Light-induced, spatiotemporal control of protein in the developing embryo of the sea urchin

Differential protein regulation is a critical biological process that regulates cellular activity and controls cell fate determination. It is especially important during early embryogenesis when post-transcriptional events predominate differential fate specification in many organisms. Light-induced approaches have been a powerful technology to interrogate protein functions with temporal and spatial precision, even at subcellular levels within a cell by controlling laser irradiation on the confocal microscope. However, application and efficacy of these tools need to be tested for each model system or for the cell type of interest because of the complex nature of each system. Here, we introduce two types of light-induced approaches to track and control proteins at a subcellular level in the developing embryo of the sea urchin.

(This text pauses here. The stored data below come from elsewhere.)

(* Let $(M,F)$ be a conic pseudo-Finsler surface which is Landsberg, and let $f$ be a smooth $h(0)$ function on $\mathcal A$. If $f$ is horizontally constant, then $f_{;2}$ and $f_{;2;2}$ are horizontally constant.
   Context: Throughout, $M$ is a smooth $2$-dimensional manifold, $TM_0$ its slit tangent bundle with induced local coordinates $(x^i,y^i)$, $\partial_i=\partial/\partial x^i$, $\dot\partial_i=\partial/\partial y^i$. A function is called $h(r)$ if it is positively homogeneous of degree $r$ in $y$. A conic pseudo-Finsler surface $(M,F)$ consists of a conic subbundle $\mathcal A\subset TM_0$ (an open set invariant under $y\mapsto\lambda y$, $\lambda>0$, projecting onto $M$) and a smooth $h(1)$ function $F:\mathcal A\to\mathbb R$ such that $g_{ij}=\frac12\dot\partial_i\dot\partial_jF^2$ is nondegenerate. Put $\ell_i=\dot\partial_iF$, $\ell^i=y^i/F$. Modified Berwald frame: $\varepsilon\in\{1,-1\}$ and a covector $m_i$ satisfy $g_{ij}=\ell_i\ell_j+\varepsilon m_im_j$, $m^i=g^{ij}m_j$, so $\ell^i\ell_i=1$, $\ell^im_i=0$, $m^im_i=\varepsilon$. The main scalar $\mathcal I$ ($h(0)$) is defined by $FC_{ijk}=\mathcal I\,m_im_jm_k$, where $C_{ijk}=\frac14\dot\partial_i\dot\partial_j\dot\partial_kF^2$. The geodesic spray of $F$ is $S=y^i\partial_i-2G^i\dot\partial_i$; $G^i_j=\dot\partial_jG^i$, $\delta_i=\partial_i-G^j_i\dot\partial_j$. For a smooth function $f$: $f_{;1}=y^i\dot\partial_if$, $f_{;2}=\varepsilon Fm^i\dot\partial_if$, $f_{,1}=\ell^i\delta_if$, $f_{,2}=\varepsilon m^i\delta_if$; iterated derivatives are read left to right, e.g. $f_{;2;2}=(f_{;2})_{;2}$. $f$ is horizontally constant if $\delta_if=0$ (i.e. $f_{,1}=f_{,2}=0$). $F$ is Landsberg if $\mathcal I_{,1}=0$. *)

theory Defs
  imports "HOL-Analysis.Analysis"
begin

text \<open>The base manifold is (a chart domain) in R^2,
  points of TM are pairs (x,y) with x, y :: real^2; functions on TM_0 are
  curried functions real^2 => real^2 => real, considered on a conic set A.\<close>

type_synonym fn = "real^2 \<Rightarrow> real^2 \<Rightarrow> real"

definition dx :: "2 \<Rightarrow> fn \<Rightarrow> fn" where
  "dx i f = (\<lambda>x y. deriv (\<lambda>t. f (x + t *\<^sub>R axis i 1) y) 0)"

definition dy :: "2 \<Rightarrow> fn \<Rightarrow> fn" where
  "dy i f = (\<lambda>x y. deriv (\<lambda>t. f x (y + t *\<^sub>R axis i 1)) 0)"

definition pdir :: "bool \<times> 2 \<Rightarrow> fn \<Rightarrow> fn" where
  "pdir d f = (if fst d then dy (snd d) f else dx (snd d) f)"

definition smooth_on_TM :: "((real^2) \<times> (real^2)) set \<Rightarrow> fn \<Rightarrow> bool" where
  "smooth_on_TM A f \<longleftrightarrow>
     (\<forall>ds p. p \<in> A \<longrightarrow> (\<lambda>q. foldr pdir ds f (fst q) (snd q)) differentiable (at p))"

definition conic_subbundle :: "((real^2) \<times> (real^2)) set \<Rightarrow> bool" where
  "conic_subbundle A \<longleftrightarrow> open A \<and> (\<forall>(x,y)\<in>A. y \<noteq> 0) \<and>
     (\<forall>(x,y)\<in>A. \<forall>c::real. c > 0 \<longrightarrow> (x, c *\<^sub>R y) \<in> A)"

definition homog :: "real \<Rightarrow> ((real^2) \<times> (real^2)) set \<Rightarrow> fn \<Rightarrow> bool" where
  "homog r A f \<longleftrightarrow> (\<forall>(x,y)\<in>A. \<forall>c::real. c > 0 \<longrightarrow> f x (c *\<^sub>R y) = c powr r * f x y)"

definition sqF :: "fn \<Rightarrow> fn" where
  "sqF F = (\<lambda>x y. (F x y)^2)"

definition gmet :: "fn \<Rightarrow> 2 \<Rightarrow> 2 \<Rightarrow> fn" where
  "gmet F i j = (\<lambda>x y. (1/2) * dy i (dy j (sqF F)) x y)"

definition gmat :: "fn \<Rightarrow> real^2 \<Rightarrow> real^2 \<Rightarrow> real^2^2" where
  "gmat F x y = (\<chi> i j. gmet F i j x y)"

definition ginv :: "fn \<Rightarrow> 2 \<Rightarrow> 2 \<Rightarrow> fn" where
  "ginv F i j = (\<lambda>x y. matrix_inv (gmat F x y) $ i $ j)"

definition cartan :: "fn \<Rightarrow> 2 \<Rightarrow> 2 \<Rightarrow> 2 \<Rightarrow> fn" where
  "cartan F i j k = (\<lambda>x y. (1/4) * dy i (dy j (dy k (sqF F))) x y)"

definition conic_pseudo_finsler_surface :: "((real^2) \<times> (real^2)) set \<Rightarrow> fn \<Rightarrow> bool" where
  "conic_pseudo_finsler_surface A F \<longleftrightarrow> conic_subbundle A \<and> smooth_on_TM A F \<and> homog 1 A F \<and>
     (\<forall>(x,y)\<in>A. det (gmat F x y) \<noteq> 0)"

definition ell_low :: "fn \<Rightarrow> 2 \<Rightarrow> fn" where
  "ell_low F i = dy i F"

definition ell_up :: "fn \<Rightarrow> 2 \<Rightarrow> fn" where
  "ell_up F i = (\<lambda>x y. y $ i / F x y)"

definition m_up :: "fn \<Rightarrow> (2 \<Rightarrow> fn) \<Rightarrow> 2 \<Rightarrow> fn" where
  "m_up F m i = (\<lambda>x y. \<Sum>j\<in>UNIV. ginv F i j x y * m j x y)"

definition berwald_frame :: "((real^2) \<times> (real^2)) set \<Rightarrow> fn \<Rightarrow> real \<Rightarrow> (2 \<Rightarrow> fn) \<Rightarrow> bool" where
  "berwald_frame A F eps m \<longleftrightarrow> (eps = 1 \<or> eps = -1) \<and> (\<forall>i. smooth_on_TM A (m i)) \<and>
     (\<forall>(x,y)\<in>A. \<forall>i j. gmet F i j x y = ell_low F i x y * ell_low F j x y + eps * m i x y * m j x y)"

definition is_main_scalar :: "((real^2) \<times> (real^2)) set \<Rightarrow> fn \<Rightarrow> (2 \<Rightarrow> fn) \<Rightarrow> fn \<Rightarrow> bool" where
  "is_main_scalar A F m I \<longleftrightarrow>
     (\<forall>(x,y)\<in>A. \<forall>i j k. F x y * cartan F i j k x y = I x y * m i x y * m j x y * m k x y)"

text \<open>Geodesic spray coefficients G^i = 1/4 g^ik (y^j dot-d_k d_j F^2 - d_k F^2),
  so that S = y^i d_i - 2 G^i dot-d_i is the geodesic spray.\<close>
definition Gspray :: "fn \<Rightarrow> 2 \<Rightarrow> fn" where
  "Gspray F i = (\<lambda>x y. (1/4) * (\<Sum>k\<in>UNIV. ginv F i k x y *
      ((\<Sum>j\<in>UNIV. y $ j * dy k (dx j (sqF F)) x y) - dx k (sqF F) x y)))"

definition Gconn :: "fn \<Rightarrow> 2 \<Rightarrow> 2 \<Rightarrow> fn" where
  "Gconn F i j = dy j (Gspray F i)"

definition hdelta :: "fn \<Rightarrow> 2 \<Rightarrow> fn \<Rightarrow> fn" where
  "hdelta F i f = (\<lambda>x y. dx i f x y - (\<Sum>j\<in>UNIV. Gconn F j i x y * dy j f x y))"

definition vd2 :: "fn \<Rightarrow> real \<Rightarrow> (2 \<Rightarrow> fn) \<Rightarrow> fn \<Rightarrow> fn" where
  "vd2 F eps m f = (\<lambda>x y. eps * F x y * (\<Sum>i\<in>UNIV. m_up F m i x y * dy i f x y))"

definition hd1 :: "fn \<Rightarrow> fn \<Rightarrow> fn" where
  "hd1 F f = (\<lambda>x y. \<Sum>i\<in>UNIV. ell_up F i x y * hdelta F i f x y)"

definition hd2 :: "fn \<Rightarrow> real \<Rightarrow> (2 \<Rightarrow> fn) \<Rightarrow> fn \<Rightarrow> fn" where
  "hd2 F eps m f = (\<lambda>x y. eps * (\<Sum>i\<in>UNIV. m_up F m i x y * hdelta F i f x y))"

definition horiz_const :: "((real^2) \<times> (real^2)) set \<Rightarrow> fn \<Rightarrow> fn \<Rightarrow> bool" where
  "horiz_const A F f \<longleftrightarrow> (\<forall>(x,y)\<in>A. \<forall>i. hdelta F i f x y = 0)"

definition landsberg :: "((real^2) \<times> (real^2)) set \<Rightarrow> fn \<Rightarrow> fn \<Rightarrow> bool" where
  "landsberg A F I \<longleftrightarrow> (\<forall>(x,y)\<in>A. hd1 F I x y = 0)"

end

theory Submission
  imports Defs
begin

(* Write f_{;2} = eps F m^k dy_k f, dy_k the vertical derivative. Since f is h(0), the covector
   dy_k f annihilates y and is therefore a multiple c m_k of the frame covector. Commuting delta_i
   with dy_k and using delta_i f = 0 and delta_i F = 0 gives delta_i f_{;2} = c F m_l m^l_{|i},
   where |i is the horizontal Berwald covariant derivative. Differentiating g(m^#, m^#) = eps
   horizontally shows that m_l m^l_{|i} is a multiple of L(m^#, m^#, d_i), L the Landsberg tensor.
   This covector annihilates y because the spray is homogeneous, and its value on m^# is, up to
   terms that vanish for the same reason, a multiple of I_{,1}, since F C(m^#, m^#, m^#) = I. For
   a Landsberg surface it therefore vanishes, so f_{;2} is horizontally constant; being smooth and
   h(0) again, f_{;2} can take the place of f, which gives the claim for f_{;2;2}. *)

type_synonym tm_point = "(real^2) \<times> (real^2)"

definition dderiv :: "tm_point \<Rightarrow> fn \<Rightarrow> fn" where
  "dderiv v f = (\<lambda>x y. deriv (\<lambda>t. case_prod f ((x,y) + t *\<^sub>R v)) 0)"

definition xdir :: "2 \<Rightarrow> tm_point" where "xdir i = (axis i 1, 0)"
definition ydir :: "2 \<Rightarrow> tm_point" where "ydir i = (0, axis i 1)"
(* Let $s\ge 1$ be an integer and $0<\epsilon<1$ a constant. For integers $2\le n_0\le n_1\le\dots\le n_s$, let $k_i=\frac{\log n_s}{\log n_i}$ for $0\le i\le s-1$, let $x_0$ be the unique root of the equation $(s+\epsilon)x-1-\sum_{j=0}^{s-1}x^{\frac{k_j-1}{k_j}}=0$ in the interval $[1,\infty)$, and let $r=\left\lceil\frac{\log n_s}{\log x_0}\right\rceil+1$. Then $ch(K_{n_0,\dots,n_s})\le r$ for all such tuples with $n_s$ large enough (in terms of $s$ and $\epsilon$).
   Context: All logarithms are to base 2. For a graph $G=(V,E)$, the choice number $ch(G)$ is the minimum integer $k$ such that for every assignment of a list $S(v)$ of at least $k$ colors to each vertex $v\in V$, there is a proper vertex coloring of $G$ assigning to each vertex $v$ a color from $S(v)$. $K_{n_0,\dots,n_s}$ denotes the complete $(s+1)$-partite graph with parts of sizes $n_0,\dots,n_s$. *)

theory Defs
  imports Complex_Main
begin

text \<open>A list assignment S gives each vertex a set of colours (colours are natural numbers; since
  graphs here are finite, this is no loss of generality).\<close>

definition choosable :: "'a set \<Rightarrow> ('a \<Rightarrow> 'a \<Rightarrow> bool) \<Rightarrow> nat \<Rightarrow> bool" where
  "choosable V E k \<longleftrightarrow>
     (\<forall>S :: 'a \<Rightarrow> nat set. (\<forall>v\<in>V. finite (S v) \<and> card (S v) \<ge> k) \<longrightarrow>
        (\<exists>c :: 'a \<Rightarrow> nat. (\<forall>v\<in>V. c v \<in> S v) \<and>
                          (\<forall>u\<in>V. \<forall>v\<in>V. E u v \<longrightarrow> c u \<noteq> c v)))"

definition choice_number :: "'a set \<Rightarrow> ('a \<Rightarrow> 'a \<Rightarrow> bool) \<Rightarrow> nat" where
  "choice_number V E = (LEAST k. choosable V E k)"

text \<open>Complete (s+1)-partite graph K_{n_0,...,n_s}: vertices (i,j) with i \<le> s, j < n i;
  two vertices are adjacent iff they lie in different parts.\<close>
definition kmp_vertices :: "nat \<Rightarrow> (nat \<Rightarrow> nat) \<Rightarrow> (nat \<times> nat) set" where
  "kmp_vertices s n = {(i, j). i \<le> s \<and> j < n i}"
(* Let $F=\{T_1,\dots,T_n\}$ be a finite family of reduction operators relative to a well-ordered set $(G,<)$, let $\tilde F=\{\tilde T_1,\dots,\tilde T_n\}$ be the reduction of $F$, and let $C=\{C_2,\dots,C_n\}$ be the incremental completion of $\tilde F$. Then $F\cup C$ is a completion of $F$.
   Context: Let $\mathbb{K}$ be a field, $(G,<)$ a well-ordered set and $\mathbb{K}G$ the vector space with basis $G$. For $v\neq0$, $\mathrm{lt}(v)$ is the greatest element of $G$ appearing with nonzero coefficient in $v$. Extend $<$ to $\mathbb{K}G$: $u<v$ if $u=0$ and $v\neq0$, or if $\mathrm{lt}(u)<\mathrm{lt}(v)$; $u\le v$ means $u<v$ or $u=v$. A reduction operator is an idempotent linear endomorphism $T$ of $\mathbb{K}G$ with $T(g)\le g$ for all $g\in G$; $\mathrm{nf}(T)=\{g\in G\mid T(g)=g\}$, $\mathrm{red}(T)=G\setminus\mathrm{nf}(T)$. For every subspace $V$ there is a unique reduction operator $\ker^{-1}(V)$ with kernel $V$. $T\vee T'=\ker^{-1}(\ker T\cap\ker T')$. For a set $F$ of reduction operators, $\wedge F=\ker^{-1}(\sum_{T\in F}\ker T)$, $\mathrm{nf}(F)=\bigcap_{T\in F}\mathrm{nf}(T)$, $\mathrm{obs}(F)=\mathrm{nf}(F)\setminus\mathrm{nf}(\wedge F)$; $F$ is confluent if $\mathrm{obs}(F)=\emptyset$; a completion of $F$ is a confluent set $F'$ of reduction operators with $F\subseteq F'$ and $\wedge F'=\wedge F$. For a set $F$, $C^F=(\wedge F)\vee\ker^{-1}(\mathbb{K}\,\mathrm{nf}(F))$, where $\mathbb{K}\,\mathrm{nf}(F)$ is the subspace spanned by $\mathrm{nf}(F)$. Syzygies: $\mathbf{ker}(F)=\ker T_1\times\dots\times\ker T_n$, $\pi_F(v_1,\dots,v_n)=v_1+\dots+v_n$, $\mathrm{syz}(F)=\ker\pi_F$. For $g\in\mathrm{red}(T_i)$, $e_{i,g}$ is the tuple with $g-T_i(g)$ at position $i$ and $0$ elsewhere; these form a basis of $\mathbf{ker}(F)$, well-ordered by $e_{i,g}\sqsubset e_{i',g'}$ iff $i<i'$, or $i=i'$ and $g<g'$; $\mathrm{lt}(\mathrm{syz}(F))$ is the set of $\sqsubset$-greatest basis elements appearing in nonzero syzygies. The reduction of $F$ is $\tilde F=\{\tilde T_1,\dots,\tilde T_n\}$ where $\tilde T_i$ is the linear map with $\tilde T_i(g)=g$ if $g\in\mathrm{red}(T_i)$ and $e_{i,g}\in\mathrm{lt}(\mathrm{syz}(F))$, and $\tilde T_i(g)=T_i(g)$ otherwise. Incremental completion of a family $\{S_1,\dots,S_n\}$: set $F_1=\{S_1\}$ and for $2\le i\le n$, $C_i=C^{F_{i-1}\cup\{S_i\}}$ and $F_i=F_{i-1}\cup\{S_i,C_i\}$; the incremental completion is $\{C_2,\dots,C_n\}$. *)

theory Defs
  imports "HOL-Library.Poly_Mapping"
begin

text \<open>The vector space KG is modelled as finitely supported functions 'g =>0 'k,
  where 'g carries a well-order (type class wellorder) and 'k is a field.\<close>

type_synonym ('g, 'k) vec = "'g \<Rightarrow>\<^sub>0 'k"
type_synonym ('g, 'k) op = "('g, 'k) vec \<Rightarrow> ('g, 'k) vec"

definition bvec :: "'g \<Rightarrow> ('g, 'k::field) vec" where
  "bvec g = Poly_Mapping.single g 1"

definition smul :: "'k::field \<Rightarrow> ('g, 'k) vec \<Rightarrow> ('g, 'k) vec" where
  "smul c v = Poly_Mapping.map (\<lambda>x. c * x) v"

definition lt :: "('g::wellorder, 'k::field) vec \<Rightarrow> 'g" where
  "lt v = Max (Poly_Mapping.keys v)"

definition vless :: "('g::wellorder, 'k::field) vec \<Rightarrow> ('g, 'k) vec \<Rightarrow> bool" where
  "vless u v \<longleftrightarrow> (u = 0 \<and> v \<noteq> 0) \<or> (u \<noteq> 0 \<and> v \<noteq> 0 \<and> lt u < lt v)"

definition vle :: "('g::wellorder, 'k::field) vec \<Rightarrow> ('g, 'k) vec \<Rightarrow> bool" where
  "vle u v \<longleftrightarrow> vless u v \<or> u = v"

definition is_linear :: "('g, 'k::field) op \<Rightarrow> bool" where
  "is_linear T \<longleftrightarrow> (\<forall>u v. T (u + v) = T u + T v) \<and> (\<forall>c v. T (smul c v) = smul c (T v))"

definition reduction_op :: "('g::wellorder, 'k::field) op \<Rightarrow> bool" where
  "reduction_op T \<longleftrightarrow> is_linear T \<and> (\<forall>v. T (T v) = T v) \<and> (\<forall>g. vle (T (bvec g)) (bvec g))"

definition nf :: "('g::wellorder, 'k::field) op \<Rightarrow> 'g set" where
  "nf T = {g. T (bvec g) = bvec g}"

definition red :: "('g::wellorder, 'k::field) op \<Rightarrow> 'g set" where
  "red T = UNIV - nf T"

definition kerop :: "('g, 'k::field) op \<Rightarrow> ('g, 'k) vec set" where
  "kerop T = {v. T v = 0}"

text \<open>The unique reduction operator with kernel V (V a subspace).\<close>
definition kerinv :: "('g::wellorder, 'k::field) vec set \<Rightarrow> ('g, 'k) op" where
  "kerinv V = (THE T. reduction_op T \<and> kerop T = V)"

definition join :: "('g::wellorder, 'k::field) op \<Rightarrow> ('g, 'k) op \<Rightarrow> ('g, 'k) op" where
  "join T T' = kerinv (kerop T \<inter> kerop T')"

definition sumker :: "('g::wellorder, 'k::field) op set \<Rightarrow> ('g, 'k) vec set" where
  "sumker F = {(\<Sum>T\<in>A. f T) | A f. finite A \<and> A \<subseteq> F \<and> (\<forall>T\<in>A. f T \<in> kerop T)}"

definition meet :: "('g::wellorder, 'k::field) op set \<Rightarrow> ('g, 'k) op" where
  "meet F = kerinv (sumker F)"

definition nfF :: "('g::wellorder, 'k::field) op set \<Rightarrow> 'g set" where
  "nfF F = (\<Inter>T\<in>F. nf T)"

definition obs :: "('g::wellorder, 'k::field) op set \<Rightarrow> 'g set" where
  "obs F = nfF F - nf (meet F)"

definition confluent :: "('g::wellorder, 'k::field) op set \<Rightarrow> bool" where
  "confluent F \<longleftrightarrow> obs F = {}"

definition is_completion :: "('g::wellorder, 'k::field) op set \<Rightarrow> ('g, 'k) op set \<Rightarrow> bool" where
  "is_completion F' F \<longleftrightarrow> (\<forall>T\<in>F'. reduction_op T) \<and> confluent F' \<and> F \<subseteq> F' \<and> meet F' = meet F"

definition lspan :: "('g, 'k::field) vec set \<Rightarrow> ('g, 'k) vec set" where
  "lspan S = {(\<Sum>s\<in>A. smul (c s) s) | A c. finite A \<and> A \<subseteq> S}"

definition CF :: "('g::wellorder, 'k::field) op set \<Rightarrow> ('g, 'k) op" where
  "CF F = join (meet F) (kerinv (lspan (bvec ` nfF F)))"

section \<open>Syzygies of a family given as a list Ts = [T_1,...,T_n] (0-indexed)\<close>

text \<open>Tuples (v_1,...,v_n) are functions nat => vec, zero outside {0..<n}.\<close>

definition kerbold :: "('g::wellorder, 'k::field) op list \<Rightarrow> (nat \<Rightarrow> ('g, 'k) vec) set" where
  "kerbold Ts = {w. (\<forall>i<length Ts. w i \<in> kerop (Ts ! i)) \<and> (\<forall>i\<ge>length Ts. w i = 0)}"

definition syz :: "('g::wellorder, 'k::field) op list \<Rightarrow> (nat \<Rightarrow> ('g, 'k) vec) set" where
  "syz Ts = {w \<in> kerbold Ts. (\<Sum>i<length Ts. w i) = 0}"

definition ebas :: "('g::wellorder, 'k::field) op list \<Rightarrow> nat \<Rightarrow> 'g \<Rightarrow> (nat \<Rightarrow> ('g, 'k) vec)" where
  "ebas Ts i g = (\<lambda>j. if j = i then bvec g - (Ts ! i) (bvec g) else 0)"

text \<open>Index set of the basis of kerbold: pairs (i,g) with g in red(T_i).\<close>
definition eidx :: "('g::wellorder, 'k::field) op list \<Rightarrow> (nat \<times> 'g) set" where
  "eidx Ts = {(i, g). i < length Ts \<and> g \<in> red (Ts ! i)}"

definition sqless :: "nat \<times> 'g::wellorder \<Rightarrow> nat \<times> 'g \<Rightarrow> bool" where
  "sqless p q \<longleftrightarrow> fst p < fst q \<or> (fst p = fst q \<and> snd p < snd q)"

text \<open>lt(syz F): the (indices of the) greatest basis elements e_{i,g} appearing with
  nonzero coefficient in the basis expansion of some nonzero syzygy.\<close>
definition lt_syz :: "('g::wellorder, 'k::field) op list \<Rightarrow> (nat \<times> 'g) set" where
  "lt_syz Ts = {p. \<exists>w S c. w \<in> syz Ts \<and> w \<noteq> (\<lambda>_. 0) \<and> finite S \<and> S \<subseteq> eidx Ts
       \<and> (\<forall>q\<in>S. c q \<noteq> 0)
       \<and> w = (\<lambda>j. \<Sum>q\<in>S. smul (c q) (ebas Ts (fst q) (snd q) j))
       \<and> p \<in> S \<and> (\<forall>q\<in>S. q = p \<or> sqless q p)}"

definition lin_ext :: "('g \<Rightarrow> ('g, 'k::field) vec) \<Rightarrow> ('g, 'k) op" where
  "lin_ext f v = (\<Sum>g\<in>Poly_Mapping.keys v. smul (Poly_Mapping.lookup v g) (f g))"

definition red_family :: "('g::wellorder, 'k::field) op list \<Rightarrow> ('g, 'k) op list" where
  "red_family Ts = map (\<lambda>i. lin_ext (\<lambda>g. if g \<in> red (Ts ! i) \<and> (i, g) \<in> lt_syz Ts
                                       then bvec g else (Ts ! i) (bvec g)))
                       [0..<length Ts]"

section \<open>Incremental completion of a list Ss = [S_1,...,S_n] (0-indexed)\<close>

fun incF :: "('g::wellorder, 'k::field) op list \<Rightarrow> nat \<Rightarrow> ('g, 'k) op set" where
  "incF Ss 0 = {Ss ! 0}"
| "incF Ss (Suc k) = incF Ss k \<union> {Ss ! Suc k, CF (incF Ss k \<union> {Ss ! Suc k})}"

definition incC :: "('g::wellorder, 'k::field) op list \<Rightarrow> ('g, 'k) op set" where
  "incC Ss = {CF (incF Ss (k - 1) \<union> {Ss ! k}) | k. 1 \<le> k \<and> k < length Ss}"

end

theory Submission
  imports Defs "HOL-Library.Product_Lexorder" "HOL.Vector_Spaces"
begin

text \<open>Passing from F to its reduction does not change the sum K of the kernels: a syzygy with
  leading basis element e_{i,g} writes g - T_i g through generators of smaller index, and for
  every other g the reduced operator already annihilates g - T_i g. Every operator built by the
  incremental completion has kernel inside K, so adding them leaves the meet of F unchanged. For
  confluence it suffices that no nonzero vector of K is supported on the common normal forms.
  Such a vector would lie in the kernel of the last operator C_n, whose kernel is K intersected
  with the span of the normal forms of a family containing the whole reduction, while its leading
  term would be a normal form of C_n.\<close>

section \<open>Vectors and linear maps\<close>

lemma lookup_smul [simp]: "Poly_Mapping.lookup (smul c v) g = c * Poly_Mapping.lookup v g"
  by (simp add: smul_def Poly_Mapping.map.rep_eq when_def)

global_interpretation vec: vector_space "smul :: 'k::field \<Rightarrow> ('g, 'k) vec \<Rightarrow> ('g, 'k) vec"
  by unfold_locales (auto intro!: poly_mapping_eqI simp: lookup_add algebra_simps)
(* Let $(M,J)$ be an almost complex manifold and $\nabla$ a connection on $M$. Then: (1) in local coordinates $(x_1,\dots,x_n,p_1,\dots,p_n)$ on $T^*M$, with respect to the basis $(\partial_{x},\partial_p)$, $J^{G,\nabla}$ has block matrix with upper-left block $(J^i_j)$, upper-right block $0$, lower-left block with entries $\Gamma_{l,i}J^l_j-\Gamma_{j,l}J^l_i$, and lower-right block $(J^j_i)$ (i.e. the transpose of $J$); (2) $J^{G,\nabla}=J^c+\gamma(S)$, where $S(X,Y)=-(\nabla J)(X,Y)+(\nabla J)(Y,X)+T(JX,Y)-JT(X,Y)$ and $T$ is the torsion of $\nabla$.
   Context: $J=J^k_ldx^l\otimes\partial_{x_k}$ with $J^2=-\mathrm{Id}$; Einstein summation. Christoffel symbols: $\nabla_{\partial_{x_i}}\partial_{x_j}=\Gamma^k_{i,j}\partial_{x_k}$, and $\Gamma_{i,j}:=p_k\Gamma^k_{i,j}$. Torsion $T(X,Y)=\nabla_XY-\nabla_YX-[X,Y]$; $(\nabla J)(X,Y)=\nabla_X(JY)-J\nabla_XY$. The induced connection on $T^*M$ is $(\nabla_Xs)(Y)=X(s(Y))-s(\nabla_XY)$; $H^\nabla_\xi=\{d_xs(X): X\in T_xM,\ s(x)=\xi,\ \nabla_Xs=0\}$, $T_\xi T^*M=H^\nabla_\xi\oplus T^*_xM$, $v^\nabla$ the projection onto $T^*_xM$ along $H^\nabla_\xi$. The generalized horizontal lift is $J^{G,\nabla}(X,v^\nabla(Y))=(JX,{}^tJ(v^\nabla(Y)))$ with $JX:=(d_\xi\pi|_{H^\nabla_\xi})^{-1}(J(x)d_\xi\pi(X))$. For $R=R^k_{ij}dx^i\otimes dx^j\otimes\partial_{x_k}$, $\gamma(R):=p_kR^k_{ij}dx^i\otimes\partial_{p_j}$. The complete lift $J^c$ is defined by $d(\theta(J))=\omega_{st}(J^c\cdot,\cdot)$ with $\theta(J)=p_kJ^k_ldx^l$, $\omega_{st}=d(p_idx^i)$; locally its block matrix has upper-left $J^i_j$, upper-right $0$, lower-left $p_k(\partial_{x_j}J^k_i-\partial_{x_i}J^k_j)$, lower-right $J^j_i$. *)

theory Defs
  imports "HOL-Analysis.Analysis"
begin

text \<open>Everything is expressed in one coordinate chart: points of M are x :: real^'n
 (chart domain an open set U), covectors are p :: real^'n (components p_k), and a
 tangent vector of T*M at (x,p) is a pair (a, alpha) :: real^'n * real^'n of
 components w.r.t. the basis (d/dx, d/dp).
 Conventions: J x $ k $ l = J^k_l(x);  Gam x k i j = Gamma^k_{i,j}(x).\<close>

type_synonym 'n almost_cx = "real^'n \<Rightarrow> real^'n^'n"
type_synonym 'n christoffel = "real^'n \<Rightarrow> 'n \<Rightarrow> 'n \<Rightarrow> 'n \<Rightarrow> real"

definition e :: "'n::finite \<Rightarrow> real^'n" where
  "e i = axis i 1"

definition chr :: "'n::finite christoffel \<Rightarrow> real^'n \<Rightarrow> real^'n \<Rightarrow> real^'n \<Rightarrow> real^'n" where
  "chr Gam x u v = (\<chi> k. \<Sum>i\<in>UNIV. \<Sum>j\<in>UNIV. Gam x k i j * u $ i * v $ j)"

We found that the photoconvertible fluorescent protein, Kaede, is highly efficient to distinguish pre-existing and newly synthesized proteins with no apparent phototoxicity, even with interrogating proteins associated with mitotic spindle. Further, chromophore-assisted light inactivation (CALI) using miniSOG successfully inactivated proteins of interest at the vegetal cortex and selectively delayed or inhibited asymmetric cell division. Overall, these light-induced approaches serve as additional molecular tools to identify protein activity, not only in each cell lineage but also at a subcellular level in developing embryos.